(Records from a data collection)

------------------------------------------------------------------------

(* Let $E$ be the elliptic curve $Y^2+11Y=X^3+11X^2+33X$ over $\mathbb{Q}$, and let $j:E\to\mathbb{P}^1$ be the rational function $$j(X,Y)=\frac{h(X,Y)}{(XY-11)^{11}},$$ where $h(X,Y)=(X^2+11X+22)^3\big((11X^2+88X+121)Y+2X^4+55X^3+451X^2+1452X+1452\big)^3 g(X,Y)$ and $g(X,Y)=(6750X^8+337590X^7+5159935X^6+36807958X^5+145636931X^4+341425458X^3+474292533X^2+362189058X+117523307)Y+51975X^9+1746052X^8+24440064X^7+188870352X^6+892661770X^5+2692703508X^4+5217583888X^3+6299026712X^2+4320837279X+1288408000$. Then for every rational point $(x,y)\in E(\mathbb{Q})$ (affine), $j(x,y)\in\mathbb{Z}$ if and only if $\frac{x}{xy-11}\in\mathbb{Z}$.
   Context: Under an isomorphism (Halberstadt's) between $E$ and the modular curve $X_{ns}(11)$ (normalizer of a non-split Cartan subgroup of level $11$) sending the cusps to the zeros of $Y-11/X$, the function $j$ above is the natural $j$-invariant map of degree $55$. The statement to prove concerns only the explicit rational function given. Here $j(x,y)\in\mathbb{Z}$ means the value is finite and integral; similarly for $x/(xy-11)$. *)

theory Defs
  imports Complex_Main
begin

definition on_E :: "rat \<Rightarrow> rat \<Rightarrow> bool" where
  "on_E x y \<longleftrightarrow> y^2 + 11*y = x^3 + 11*x^2 + 33*x"

definition g_poly :: "rat \<Rightarrow> rat \<Rightarrow> rat" where
  "g_poly X Y =
     (6750*X^8 + 337590*X^7 + 5159935*X^6 + 36807958*X^5 + 145636931*X^4
      + 341425458*X^3 + 474292533*X^2 + 362189058*X + 117523307) * Y
     + 51975*X^9 + 1746052*X^8 + 24440064*X^7 + 188870352*X^6 + 892661770*X^5
     + 2692703508*X^4 + 5217583888*X^3 + 6299026712*X^2 + 4320837279*X + 1288408000"

definition h_poly :: "rat \<Rightarrow> rat \<Rightarrow> rat" where
  "h_poly X Y =
     (X^2 + 11*X + 22)^3
     * ((11*X^2 + 88*X + 121)*Y + 2*X^4 + 55*X^3 + 451*X^2 + 1452*X + 1452)^3
     * g_poly X Y"
lemma w2_set_eq:
  assumes "i < length p"
  shows "w2_set p i = set (takeWhile (\<lambda>x. p ! i < x) (rev (take i p)))"
proof -
  have rev_take_nth: "rev (take i p) ! j = p ! (i - Suc j)" if "j < i" for j
    using that assms by (simp add: rev_nth)
  have "{p ! j | j. j < i \<and> (\<forall>k\<in>{j..<i}. p ! i < p ! k)} =
        {rev (take i p) ! j | j. j < i \<and> (\<forall>k\<le>j. p ! i < rev (take i p) ! k)}"
    (is "?L = ?R")
  proof (intro set_eqI iffI)
    fix x assume "x \<in> ?L"
    then obtain j where j: "x = p ! j" "j < i" "\<forall>k\<in>{j..<i}. p ! i < p ! k" by blast
    have "\<forall>k\<le>i - Suc j. p ! i < rev (take i p) ! k"
      using j(2,3) by (auto simp: rev_take_nth)
    then show "x \<in> ?R"
      using j(1,2) by (intro CollectI exI[of _ "i - Suc j"]) (auto simp: rev_take_nth)
  next
    fix x assume "x \<in> ?R"
    then obtain j where j: "x = p ! (i - Suc j)" "j < i"
      and larger: "\<forall>k\<le>j. p ! i < rev (take i p) ! k"
      by (auto simp: rev_take_nth)
    have "\<forall>k\<in>{i - Suc j..<i}. p ! i < p ! k"
    proof
      fix k assume "k \<in> {i - Suc j..<i}"
      then have "k = i - Suc (i - Suc k)" "i - Suc k \<le> j" by auto
      then show "p ! i < p ! k" using j(2) larger rev_take_nth by (metis le_less_trans)
    qed
    then show "x \<in> ?L" using j by force
  qed
  then show ?thesis
    unfolding w2_set_def set_takeWhile_conv_nth using assms by simp
qed

lemma andre_letter_nth_iff:
  fixes p :: "int list"
  assumes "i < length p"
  shows "andre_letter (take i p) (p ! i) (drop (Suc i) p) \<longleftrightarrow>
    (0 < i \<and> p ! i < p ! (i - 1) \<longrightarrow>
      Suc i < length p \<and> p ! i < p ! Suc i \<and> Max (w2_set p i) < Max (w4_set p i))"
proof -
  have "last (take i p) = p ! (i - 1)" if "0 < i"
    using that assms take_Suc_conv_app_nth[of "i - 1" p] by simp
  then have w2: "takeWhile (\<lambda>y. p ! i < y) (rev (take i p)) \<noteq> [] \<longleftrightarrow> 0 < i \<and> p ! i < p ! (i - 1)"
    using assms by (auto simp: takeWhile_eq_Nil_iff hd_rev)
  have w4: "takeWhile (\<lambda>y. p ! i < y) (drop (Suc i) p) \<noteq> [] \<longleftrightarrow>
      Suc i < length p \<and> p ! i < p ! Suc i"
    by (auto simp: takeWhile_eq_Nil_iff hd_drop_conv_nth)
  show ?thesis
    unfolding andre_letter_def Let_def w2 w4 w2_set_eq[OF assms] w4_set_eq by blast
qed

lemma andre_word_iff_descents:
  fixes p :: "int list"
  shows "andre_word p \<longleftrightarrow> (\<forall>i<length p. 0 < i \<and> p ! i < p ! (i - 1) \<longrightarrow>
    Suc i < length p \<and> p ! i < p ! Suc i \<and> Max (w2_set p i) < Max (w4_set p i))"
  unfolding andre_word_def using andre_letter_nth_iff by blast

lemma andre_B_iff_descents:
  assumes "n \<ge> 1" "length \<pi> = n" "distinct (0 # \<pi>)"
  defines "p \<equiv> 0 # \<pi>"
  shows "andre_B n \<pi> \<longleftrightarrow> (\<forall>i\<le>n. 0 < i \<and> p ! i < p ! (i - 1) \<longrightarrow>
    i < n \<and> p ! i < p ! Suc i \<and> Max (w2_set p i) < Max (w4_set p i))"
    (is "_ \<longleftrightarrow> ?descents")
proof
  have neq: "p ! i \<noteq> p ! j" if "i \<le> n" "j \<le> n" "i \<noteq> j" for i j
    using that assms(2,3) unfolding p_def by (simp add: nth_eq_iff_index_eq)
  show ?descents if andre: "andre_B n \<pi>"
  proof (intro allI impI)
    have last_ascent: "p ! (n - 1) < p ! n"
      using andre unfolding andre_B_def Let_def p_def[symmetric] by blast
    from andre have no_double_descent: "\<not> (p ! i < p ! (i - 1) \<and> p ! Suc i < p ! i)"
      and valley: "p ! i < p ! (i - 1) \<and> p ! i < p ! Suc i \<Longrightarrow> Max (w2_set p i) < Max (w4_set p i)"
      if "i \<in> {1..n - 1}" for i
      using that unfolding andre_B_def Let_def p_def[symmetric] by auto
    fix i assume i: "i \<le> n" and descent: "0 < i \<and> p ! i < p ! (i - 1)"
    have "i \<noteq> n" using last_ascent descent by auto
    then have inner: "i \<in> {1..n - 1}" using i descent by auto
    moreover have "p ! i < p ! Suc i"
      using no_double_descent[OF inner] descent neq[of i "Suc i"] \<open>i \<noteq> n\<close> i by fastforce
    ultimately show "i < n \<and> p ! i < p ! Suc i \<and> Max (w2_set p i) < Max (w4_set p i)"
      using valley descent by auto
  qed
  show "andre_B n \<pi>" if descents: ?descents
  proof -
    have "p ! (n - 1) < p ! n"
    proof (rule ccontr)
      assume "\<not> p ! (n - 1) < p ! n"
      then have "p ! n < p ! (n - 1)" using neq[of "n - 1" n] assms(1) by fastforce
      then show False using descents assms(1) by auto
    qed
    then show ?thesis
      unfolding andre_B_def Let_def p_def[symmetric] using descents
      by (auto; metis Suc_le_eq diff_le_self le_trans less_asym)
  qed
qed

lemma andre_B_iff_andre_word:
  assumes "n \<ge> 1" "length \<pi> = n" "distinct (0 # \<pi>)"
  shows "andre_B n \<pi> \<longleftrightarrow> andre_word (0 # \<pi>)"
  unfolding andre_B_iff_descents[OF assms] andre_word_iff_descents
  using assms(2) by (simp add: less_Suc_eq_le Suc_le_eq)

section \<open>HR-trees\<close>

lemma HR_tree_Leaf [simp]: "HR_tree Leaf"
  by (simp add: HR_tree_def min_max_tree_def)
section \<open>Binomial series\<close>

lemma central_binomial_eq_gchoose: "real ((2 * k) choose k) = ((-1/2) gchoose k) * (-4)^k"
proof -
  have "real ((2 * k) choose k) = fact (2 * k) / (fact k * fact k)"
    by (simp add: binomial_fact mult_2)
  also have "\<dots> = 4^k * pochhammer (1/2) k / fact k"
    by (simp add: fact_double power_mult)
  also have "\<dots> = ((-1/2) gchoose k) * (-4)^k"
    by (simp add: gbinomial_pochhammer power_mult_distrib[symmetric])
  finally show ?thesis .
qed

lemma central_binomial_has_sum:
  fixes t :: real
  assumes "0 \<le> t" "t < 1/4"
  shows "((\<lambda>k. real ((2 * k) choose k) * t^k) has_sum 1 / sqrt (1 - 4 * t)) UNIV"
proof (rule sums_nonneg_imp_has_sum)
  have "(\<lambda>k. ((-1/2) gchoose k) * (-4 * t)^k) sums (1 + -4 * t) powr (-1/2)"
    using assms by (intro gen_binomial_real) auto
  moreover have "(1 + -4 * t) powr (-1/2) = 1 / sqrt (1 - 4 * t)"
    using assms by (simp add: powr_minus_divide powr_half_sqrt)
  ultimately show "(\<lambda>k. real ((2 * k) choose k) * t^k) sums (1 / sqrt (1 - 4 * t))"
    by (simp add: central_binomial_eq_gchoose power_mult_distrib power_minus[of "4 * t"]
        power_minus[of 4] mult.assoc)
qed (use assms in auto)

lemma negative_binomial_has_sum:
  fixes s :: real
  assumes "0 \<le> s" "s < 1"
  shows "((\<lambda>n. real ((n + r) choose r) * s^n) has_sum 1 / (1 - s)^(r + 1)) UNIV"
proof (rule sums_nonneg_imp_has_sum)
  have "(\<lambda>n. ((-(real r + 1)) gchoose n) * (-s)^n) sums (1 + -s) powr (-(real r + 1))"
    using assms by (intro gen_binomial_real) auto
  moreover have "((-(real r + 1)) gchoose n) * (-s)^n = real ((n + r) choose r) * s^n" for n
  proof -
    have "(-(real r + 1)) gchoose n = (-1)^n * ((real r + 1 + real n - 1) gchoose n)"
      by (rule gbinomial_minus)
    also have "real r + 1 + real n - 1 = real (n + r)"
      by simp
    also have "real (n + r) gchoose n = real ((n + r) choose n)"
      by (rule binomial_gbinomial[symmetric])
    also have "(n + r) choose n = (n + r) choose r"
      using binomial_symmetric[of n "n + r"] by simp
    finally have "(-(real r + 1)) gchoose n = (-1)^n * real ((n + r) choose r)" .
    moreover have "(-s)^n = (-1)^n * s^n"
      by (rule power_minus)
    ultimately show ?thesis
      by (simp add: mult_ac flip: power_mult_distrib)
  qed
  moreover have "(1 + -s) powr (-(real r + 1)) = 1 / (1 - s)^(r + 1)"
  proof -
    have "(1 - s) powr (real r + 1) = (1 - s)^(r + 1)"
      using assms by (subst powr_realpow[symmetric]) (auto simp: add.commute)
    moreover have "(1 - s) powr (-(real r + 1)) = 1 / (1 - s) powr (real r + 1)"
      by (rule powr_minus_divide)
    ultimately show ?thesis
      by simp
  qed
  ultimately show "(\<lambda>n. real ((n + r) choose r) * s^n) sums (1 / (1 - s)^(r + 1))"
    by simp
qed (use assms in auto)

lemma bivariate_negative_binomial_has_sum:
  fixes x y :: real
  assumes "0 \<le> x" "0 \<le> y" "x + y < 1"
  shows "((\<lambda>(a, b). real ((a + b + r) choose r) * real ((a + b) choose a) * x^a * y^b)
           has_sum 1 / (1 - (x + y))^(r + 1)) UNIV"
proof -
  define f where "f = (\<lambda>(n, a). real ((n + r) choose r) * real (n choose a) * x^a * y^(n - a))"
  have "(f has_sum 1 / (1 - (x + y))^(r + 1)) (SIGMA n:UNIV. {..n})"
  proof (rule has_sum_SigmaI_nonneg[where g = "\<lambda>n. real ((n + r) choose r) * (x + y)^n"])
    show "((\<lambda>a. f (n, a)) has_sum real ((n + r) choose r) * (x + y)^n) {..n}" for n
      by (intro has_sum_finiteI) (simp_all add: f_def binomial_ring sum_distrib_left mult_ac)
    show "((\<lambda>n. real ((n + r) choose r) * (x + y)^n) has_sum 1 / (1 - (x + y))^(r + 1)) UNIV"
      using assms by (intro negative_binomial_has_sum) auto
  qed (use assms in \<open>simp add: f_def\<close>)
  then show ?thesis
    by (subst has_sum_reindex_bij_witness[where j = "\<lambda>(a, b). (a + b, a)"
          and i = "\<lambda>(n, a). (a, n - a)"
          and T = "SIGMA n:UNIV. {..n}"])
       (auto simp: f_def)
qed

section \<open>The generating function of \<open>binom_sq\<close>\<close>

lemma choose_mult_comm:
  assumes "k + j \<le> n"
  shows "(n choose k) * ((n - k) choose j) = (n choose j) * ((n - j) choose k)"
proof -
  have "(n choose k) * ((n - k) choose j) = (n choose (k + j)) * ((k + j) choose k)"
    using choose_mult[of k "k + j" n] assms by simp
  also have "(k + j) choose k = (k + j) choose j"
    using binomial_symmetric[of k "k + j"] by simp
  also have "(n choose (k + j)) * \<dots> = (n choose j) * ((n - j) choose k)"
    using choose_mult[of j "k + j" n] assms by (simp add: add.commute)
  finally show ?thesis .
qed

lemma binom_sq_term_eq:
  assumes "k \<le> l" "k \<le> m"
  shows "((2 * k) choose k) * ((l + m) choose (2 * k)) * ((l + m - 2 * k) choose (l - k))
       = ((l + m) choose l) * (l choose k) * (m choose k)"
proof -
  have "((l + m) choose (2 * k)) * ((2 * k) choose k) = ((l + m) choose k) * ((l + m - k) choose k)"
    using choose_mult[of k "2 * k" "l + m"] assms by simp
  moreover have "((l + m) choose l) * (l choose k)
      = ((l + m) choose k) * ((l + m - k) choose (l - k))"
    using choose_mult[of k l "l + m"] assms by simp
  moreover have "((l + m - k) choose k) * ((l + m - 2 * k) choose (l - k))
      = ((l + m - k) choose (l - k)) * (m choose k)"
    using choose_mult_comm[of k "l - k" "l + m - k"] assms by (simp add: mult_2)
  ultimately show ?thesis
    by (metis mult.assoc mult.commute)
qed

lemma binom_sq_eq_sum:
  "binom_sq l m = (\<Sum>k\<le>min l m.
     ((2 * k) choose k) * ((l + m) choose (2 * k)) * ((l + m - 2 * k) choose (l - k)))"
proof -
  have "(l + m) choose l = (\<Sum>k\<le>m. (l choose k) * (m choose (m - k)))"
    using vandermonde[of l m m] binomial_symmetric[of l "l + m"] by simp
  also have "\<dots> = (\<Sum>k\<le>min l m. (l choose k) * (m choose k))"
    by (rule sum.mono_neutral_cong_right) (auto simp: binomial_symmetric[symmetric])
  finally have "binom_sq l m = (\<Sum>k\<le>min l m. ((l + m) choose l) * (l choose k) * (m choose k))"
    by (simp add: binom_sq_def power2_eq_square sum_distrib_left mult.assoc)
  also have "\<dots> = (\<Sum>k\<le>min l m.
      ((2 * k) choose k) * ((l + m) choose (2 * k)) * ((l + m - 2 * k) choose (l - k)))"
    by (intro sum.cong refl) (simp add: binom_sq_term_eq)
  finally show ?thesis .
qed

lemma central_negative_binomial_has_sum:
  fixes x y :: real
  assumes xy: "0 \<le> x" "0 \<le> y" "x + y < 1" "4 * x * y < (1 - (x + y))^2"
  shows "((\<lambda>(k, a, b). real ((2 * k) choose k) * real ((a + b + 2 * k) choose (2 * k))
            * real ((a + b) choose a) * x^(a + k) * y^(b + k))
           has_sum 1 / sqrt ((1 - (x + y))^2 - 4 * x * y)) UNIV"
proof -
  define F where "F = (\<lambda>(k, a, b). real ((2 * k) choose k) * real ((a + b + 2 * k) choose (2 * k))
      * real ((a + b) choose a) * x^(a + k) * y^(b + k))"
  define s where "s = x + y"
  define t where "t = x * y / (1 - s)^2"
  have s: "s < 1" "4 * x * y < (1 - s)^2"
    using xy by (simp_all add: s_def)
  have "(F has_sum 1 / sqrt (1 - 4 * t) / (1 - s)) (SIGMA k:UNIV. UNIV)"
  proof (rule has_sum_SigmaI_nonneg[where g = "\<lambda>k. real ((2 * k) choose k) * t^k / (1 - s)"])
    show "((\<lambda>k. real ((2 * k) choose k) * t^k / (1 - s))
        has_sum 1 / sqrt (1 - 4 * t) / (1 - s)) UNIV"
      using s xy
      by (intro has_sum_divide_const central_binomial_has_sum) (auto simp: t_def field_simps)
    fix k :: nat
    have "real ((2 * k) choose k) * (x * y)^k * (1 / (1 - s)^(2 * k + 1))
        = real ((2 * k) choose k) * t^k / (1 - s)"
      by (simp add: t_def power_divide field_simps flip: power_mult)
    then show "((\<lambda>p. F (k, p)) has_sum real ((2 * k) choose k) * t^k / (1 - s)) UNIV"
      using has_sum_cmult_right[OF bivariate_negative_binomial_has_sum[OF xy(1-3), of "2 * k"],
          of "real ((2 * k) choose k) * (x * y)^k"]
      by (simp add: F_def s_def case_prod_unfold power_add power_mult_distrib mult_ac)
  qed (use xy in \<open>simp add: F_def case_prod_unfold\<close>)
  moreover have "(1 - s)^2 - 4 * x * y = (1 - s)^2 * (1 - 4 * t)"
    using s by (simp add: t_def field_simps)
  ultimately show ?thesis
    using s by (simp add: F_def s_def real_sqrt_mult mult_ac)
qed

------------------------------------------------------------------------

In the records above, find the line containing "qed (use xy"; please retype it and every line after it through the last line, exactly and with nothing else.

*Result below*
  qed (use xy in \<open>simp add: F_def case_prod_unfold\<close>)
  moreover have "(1 - s)^2 - 4 * x * y = (1 - s)^2 * (1 - 4 * t)"
    using s by (simp add: t_def field_simps)
  ultimately show ?thesis
    using s by (simp add: F_def s_def real_sqrt_mult mult_ac)
qed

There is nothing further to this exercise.